Within the records below is a range that opens at the line with "case (Cons b pre)" and closes at the line with "g) xs (f y)". Return that range word for word, both ends included, and only that range.

------------------------------

lemma img_path_subst_single:
  assumes fixed: "\<forall>a. a \<noteq> ArrA j \<longrightarrow> \<sigma> a = arrow_elem a"
    and subst: "\<sigma> (ArrA j) = padd (arrow_elem (ArrA j)) (A_elem j)"
  shows "chain n v (pre @ ArrA j # post) \<Longrightarrow> ArrA j \<notin> set pre \<Longrightarrow> ArrA j \<notin> set post \<Longrightarrow>
     img_path \<sigma> v (pre @ ArrA j # post) =
       (padd (basis (v, pre @ ArrA j # post)) (basis (v, pre @ ArrR j # ArrL j # post))
         :: 'k::comm_semiring_1 palg)"
proof (induction pre arbitrary: v)
  case Nil
  have "img_path \<sigma> (VX (Suc j)) post = (basis (VX (Suc j), post) :: 'k palg)"
    by (rule img_path_arrow_elem[of n]) (use Nil fixed in \<open>auto; metis\<close>)+
  with Nil subst show ?case
    by (simp add: arrow_elem_def A_elem_def pmult_padd_left pmult_basis pend_def)
next
  case (Cons b pre)
  then have "\<sigma> b = arrow_elem b" using fixed by auto
  with Cons show ?case
    by (simp add: arrow_elem_def pmult_padd_right pmult_basis pend_def)
qed

lemma fold_comp_apply:
  fixes h :: "'a \<Rightarrow> 'a"
  shows "fold (\<lambda>i g. f i \<circ> g) xs h x = fold (\<lambda>i g. f i \<circ> g) xs id (h x)"
proof (induction xs arbitrary: h x)
  case (Cons y xs)
  have "fold (\<lambda>i g. f i \<circ> g) (y # xs) h x = fold (\<lambda>i g. f i \<circ> g) xs (f y \<circ> h) x"
    by simp
  also have "\<dots> = fold (\<lambda>i g. f i \<circ> g) xs id (f y (h x))"
    by (subst Cons) simp
  also have "\<dots> = fold (\<lambda>i g. f i \<circ> g) xs (f y) (h x)"
    by (rule Cons[of "f y" "h x", symmetric])
  also have "\<dots> = fold (\<lambda>i g. f i \<circ> g) (y # xs) id (h x)"
    by simp
  finally show ?case .
qed simp

lemma fold_comp_fixes:
  "\<forall>i\<in>set xs. f i x = x \<Longrightarrow> fold (\<lambda>i g. f i \<circ> g) xs id x = x"
  by (induction xs rule: rev_induct) simp_all

lemma sum_Pow_split_card:
  fixes b :: "'a set \<Rightarrow> 'k::comm_monoid_add"
  assumes "finite A"
  shows "(\<Sum>R\<in>Pow A. b R) = b {} + ((\<Sum>i\<in>A. b {i}) + (\<Sum>R\<in>{R \<in> Pow A. 2 \<le> card R}. b R))"
proof -
  define S1 where "S1 = (\<lambda>i. {i}) ` A"
  define S2 where "S2 = {R \<in> Pow A. 2 \<le> card R}"
  have Pow_eq: "Pow A = insert {} (S1 \<union> S2)"
  proof (intro set_eqI iffI)
    fix R assume R: "R \<in> Pow A"
    show "R \<in> insert {} (S1 \<union> S2)"
    proof (cases "2 \<le> card R")
      case False
      moreover have "finite R" using R assms finite_subset by blast
      ultimately have "R = {} \<or> (\<exists>i. R = {i})"
        using card_1_singleton_iff[of R] by (cases "card R") auto
      then show ?thesis using R by (auto simp: S1_def)
    qed (use R in \<open>simp add: S2_def\<close>)
  qed (auto simp: S1_def S2_def)
  moreover have "finite S1" "finite S2" "{} \<notin> S1 \<union> S2" "S1 \<inter> S2 = {}"
    using assms by (auto simp: S1_def S2_def)
  moreover have "(\<Sum>R\<in>S1. b R) = (\<Sum>i\<in>A. b {i})"
    unfolding S1_def by (subst sum.reindex) (auto simp: inj_on_def)
  ultimately have "(\<Sum>R\<in>Pow A. b R) = b {} + ((\<Sum>i\<in>A. b {i}) + (\<Sum>R\<in>S2. b R))"
    unfolding Pow_eq by (simp add: sum.union_disjoint)
  then show ?thesis by (simp only: S2_def)
qed

lemma psum_Pow_insert:
  assumes "i \<notin> A" "finite A"
  shows "psum (\<lambda>R. padd (b R) (b (insert i R))) (Pow A) = psum b (Pow (insert i A))"
proof (rule ext)
  fix q
  have inj: "inj_on (insert i) (Pow A)"
    unfolding inj_on_def using assms by (metis Diff_insert_absorb PowD subsetD)
  have "psum b (Pow (insert i A)) q = (\<Sum>R\<in>Pow A. b R q) + (\<Sum>R\<in>insert i ` Pow A. b R q)"
    unfolding psum_def Pow_insert by (rule sum.union_disjoint) (use assms in auto)
  also have "(\<Sum>R\<in>insert i ` Pow A. b R q) = (\<Sum>R\<in>Pow A. b (insert i R) q)"
    by (simp add: sum.reindex[OF inj])
  finally show "psum (\<lambda>R. padd (b R) (b (insert i R))) (Pow A) q = psum b (Pow (insert i A)) q"
    by (simp add: psum_def padd_def sum.distrib)
qed

lemma stepwise_less_imp_le:
  assumes "\<forall>m\<in>{1..s}. c m < c (Suc m)"
  shows "1 \<le> a \<Longrightarrow> a \<le> b \<Longrightarrow> b \<le> Suc s \<Longrightarrow> c a \<le> (c b :: nat)"
proof (induction b)
  case (Suc b)
  show ?case
  proof (cases "a = Suc b")
    case False
    then have "c a \<le> c b" using Suc by simp
    also have "c b < c (Suc b)" using assms Suc.prems False by auto
    finally show ?thesis by simp
  qed simp
qed simp

definition blk_factor :: "(nat \<Rightarrow> nat) \<Rightarrow> nat \<Rightarrow> (nat \<Rightarrow> bool) \<Rightarrow> nat \<Rightarrow> arr list" where
  "blk_factor c k P j = (if P (j + 1 - c k) then [ArrR j, ArrL j] else [ArrA j])"

definition blk_path :: "(nat \<Rightarrow> nat) \<Rightarrow> nat \<Rightarrow> nat set \<Rightarrow> path" where
  "blk_path c k R = (VX (c k), blk_arrows c k (\<lambda>m. m \<in> R))"

text \<open>The image of W^k under phi^k_i \<circ> ... \<circ> phi^k_1 is expanded_W c k (Pow {1..i}).\<close>
definition expanded_W :: "(nat \<Rightarrow> nat) \<Rightarrow> nat \<Rightarrow> nat set set \<Rightarrow> 'k::comm_semiring_1 palg" where
  "expanded_W c k I = padd (psum (\<lambda>R. basis (blk_path c k R)) I) (A_word c k)"

lemma blk_arrows_eq_concat: "blk_arrows c k P = concat (map (blk_factor c k P) [c k..<c (Suc k)])"
  unfolding blk_arrows_def blk_factor_def by simp

lemma ArrA_in_concat_blk_factor_iff:
  "ArrA j \<in> set (concat (map (blk_factor c k P) js)) \<longleftrightarrow> j \<in> set js \<and> \<not> P (j + 1 - c k)"
  by (auto simp: blk_factor_def split: if_splits)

------------------------------

- Response box
  case (Cons b pre)
  then have "\<sigma> b = arrow_elem b" using fixed by auto
  with Cons show ?case
    by (simp add: arrow_elem_def pmult_padd_right pmult_basis pend_def)
qed

lemma fold_comp_apply:
  fixes h :: "'a \<Rightarrow> 'a"
  shows "fold (\<lambda>i g. f i \<circ> g) xs h x = fold (\<lambda>i g. f i \<circ> g) xs id (h x)"
proof (induction xs arbitrary: h x)
  case (Cons y xs)
  have "fold (\<lambda>i g. f i \<circ> g) (y # xs) h x = fold (\<lambda>i g. f i \<circ> g) xs (f y \<circ> h) x"
    by simp
  also have "\<dots> = fold (\<lambda>i g. f i \<circ> g) xs id (f y (h x))"
    by (subst Cons) simp
  also have "\<dots> = fold (\<lambda>i g. f i \<circ> g) xs (f y) (h x)"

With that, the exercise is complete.